EXERCISE DETAILS: Copy out, from the data, each line containing the string "symmetric".

RECORDS PROVIDED:
lemma finite_meeting_shrinking_family:
  fixes x :: "nat \<Rightarrow> 'a::metric_space"
  assumes "inj x" "\<forall>z. \<not> z islimpt range x" "disjoint_family Y"
    and "\<And>n. Y n \<subseteq> ball (x n) (inverse (real (Suc n)))" "compact K"
  shows "finite {n. K \<inter> Y n \<noteq> {}}"
proof (rule ccontr)
  define N where "N = {n. K \<inter> Y n \<noteq> {}}"
  assume "infinite {n. K \<inter> Y n \<noteq> {}}"
  then have "infinite N"
    by (simp add: N_def)
  have "\<forall>n\<in>N. \<exists>w. w \<in> K \<inter> Y n"
    by (auto simp: N_def)
  then obtain y where y: "\<forall>n\<in>N. y n \<in> K \<inter> Y n"
    by (rule bchoice [THEN exE])
  have "inj_on y N"
  proof (rule inj_onI)
    fix a b assume "a \<in> N" "b \<in> N" "y a = y b"
    then have "y a \<in> Y a \<inter> Y b"
      using y by force
    with assms(3) show "a = b"
      by (auto simp: disjoint_family_on_def)
  qed
  then have "infinite (y ` N)"
    using \<open>infinite N\<close> finite_imageD by blast
  moreover have "y ` N \<subseteq> K"
    using y by blast
  ultimately obtain z where z: "z islimpt y ` N"
    using Heine_Borel_imp_Bolzano_Weierstrass[OF assms(5)] by metis
  have "z islimpt range x"
    unfolding islimpt_approachable
  proof (intro allI impI)
    fix e :: real assume "0 < e"
    define M where "M = {n \<in> N. y n \<in> ball z (e/2)}"
    have "infinite (y ` N \<inter> ball z (e/2))"
      using z \<open>0 < e\<close> unfolding islimpt_eq_infinite_ball by simp
    moreover have "y ` N \<inter> ball z (e/2) \<subseteq> y ` M"
      by (auto simp: M_def)
    ultimately have "infinite M"
      using finite_subset finite_imageI by blast
    obtain n0 where n0: "inverse (real (Suc n0)) < e/2"
      using reals_Archimedean[of "e/2"] \<open>0 < e\<close> by auto
    have "finite ({..<n0} \<union> x -` {z})"
      using finite_vimageI[OF _ assms(1)] by simp
    then have "infinite (M - ({..<n0} \<union> x -` {z}))"
      using \<open>infinite M\<close> by (rule Diff_infinite_finite)
    then obtain n where "n \<in> M - ({..<n0} \<union> x -` {z})"
      using infinite_imp_nonempty by blast
    then have n: "n \<in> M" "n0 \<le> n" "x n \<noteq> z"
      by auto
    have "dist (x n) (y n) < inverse (real (Suc n))"
      using y n(1) assms(4)[of n] by (auto simp: M_def)
    also have "\<dots> \<le> inverse (real (Suc n0))"
      using n(2) by (simp add: le_imp_inverse_le)
    finally have "dist (x n) z < e"
      using n(1) dist_triangle[of "x n" z "y n"] n0 by (auto simp: M_def dist_commute)
    then show "\<exists>x'\<in>range x. x' \<noteq> z \<and> dist x' z < e"
      using n(3) by blast
  qed
  with assms(2) show False
    by blast
qed
lemma cubic_f_diff_factor:
  assumes "prime p" "a \<in> Qp p" "x0 \<in> Qp p" "x \<in> Qp p"
  defines "h \<equiv> padic_sub p x x0"
  shows "padic_sub p (cubic_f p a x) (cubic_f p a x0)
           = padic_mult p h
               (padic_add p
                 (padic_add p (cubic_f' p a x0)
                   (padic_mult p h (padic_add p (padic_mult p (padic_of_rat p 3) x0) a)))
                 (padic_mult p h h))"
proof -
  obtain A B C where A: "padic_cauchy p A" "a = padic_class p A"
    and B: "padic_cauchy p B" "x0 = padic_class p B" and C: "padic_cauchy p C" "x = padic_class p C"
    using assms(2-4) by (elim QpE)
  note cauchy = padic_cauchy_add[OF assms(1)] padic_cauchy_diff[OF assms(1)]
    padic_cauchy_mult[OF assms(1)] padic_cauchy_const A(1) B(1) C(1)
  note ops = padic_add_class[OF assms(1)] padic_sub_class[OF assms(1)] padic_mult_class[OF assms(1)]
  show ?thesis
    unfolding h_def cubic_f_def cubic_f'_def padic_of_rat_def A(2) B(2) C(2)
    by (simp add: ops cauchy) (rule arg_cong[where f = "padic_class p"], rule ext, algebra)
qed

theorem lemma4p1:
  fixes p :: nat and a x0 x :: "(nat \<Rightarrow> rat) set"
  assumes "prime p"
    and "a \<in> Qp p" and "x0 \<in> Qp p" and "x \<in> Qp p"
    and "cubic_f p a x0 = x0"
    and "max (padic_norm p (padic_add p (padic_mult p (padic_of_rat p 3) x0) a)
                * padic_norm p (padic_sub p x x0))
             (padic_norm p (padic_sub p x x0) ^ 2)
         < padic_norm p (cubic_f' p a x0)"
  shows "padic_norm p (padic_sub p (cubic_f p a x) (cubic_f p a x0))
         = padic_norm p (cubic_f' p a x0) * padic_norm p (padic_sub p x x0)"
proof -
  define h where "h = padic_sub p x x0"
  define c where "c = padic_add p (padic_mult p (padic_of_rat p 3) x0) a"
  define d where "d = cubic_f' p a x0"
  define q where "q = padic_add p (padic_add p d (padic_mult p h c)) (padic_mult p h h)"
  note closed = padic_add_in_Qp[OF assms(1)] padic_sub_in_Qp[OF assms(1)]
    padic_mult_in_Qp[OF assms(1)] padic_of_rat_in_Qp assms(2-4)
  have in_Qp: "h \<in> Qp p" "c \<in> Qp p" "d \<in> Qp p" "padic_mult p h c \<in> Qp p"
    "padic_add p d (padic_mult p h c) \<in> Qp p" "padic_mult p h h \<in> Qp p" "q \<in> Qp p"
    unfolding q_def h_def c_def d_def cubic_f'_def by (intro closed)+
  have factor: "padic_sub p (cubic_f p a x) (cubic_f p a x0) = padic_mult p h q"
    unfolding q_def h_def c_def d_def by (rule cubic_f_diff_factor[OF assms(1-4)])
  have "padic_norm p (padic_mult p h c) < padic_norm p d"
    "padic_norm p (padic_mult p h h) < padic_norm p d"
    using assms(6) in_Qp by (simp_all add: padic_norm_mult[OF assms(1)] power2_eq_square
      h_def [symmetric] c_def [symmetric] d_def [symmetric] mult.commute)
  hence "padic_norm p q = padic_norm p d"
    unfolding q_def using in_Qp by (simp add: padic_norm_add_eq_of_less[OF assms(1)])
  thus ?thesis
    using in_Qp by (simp add: factor padic_norm_mult[OF assms(1)] h_def [symmetric] d_def [symmetric])
qed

TASK OUTPUT:
      h_def [symmetric] c_def [symmetric] d_def [symmetric] mult.commute)
    using in_Qp by (simp add: factor padic_norm_mult[OF assms(1)] h_def [symmetric] d_def [symmetric])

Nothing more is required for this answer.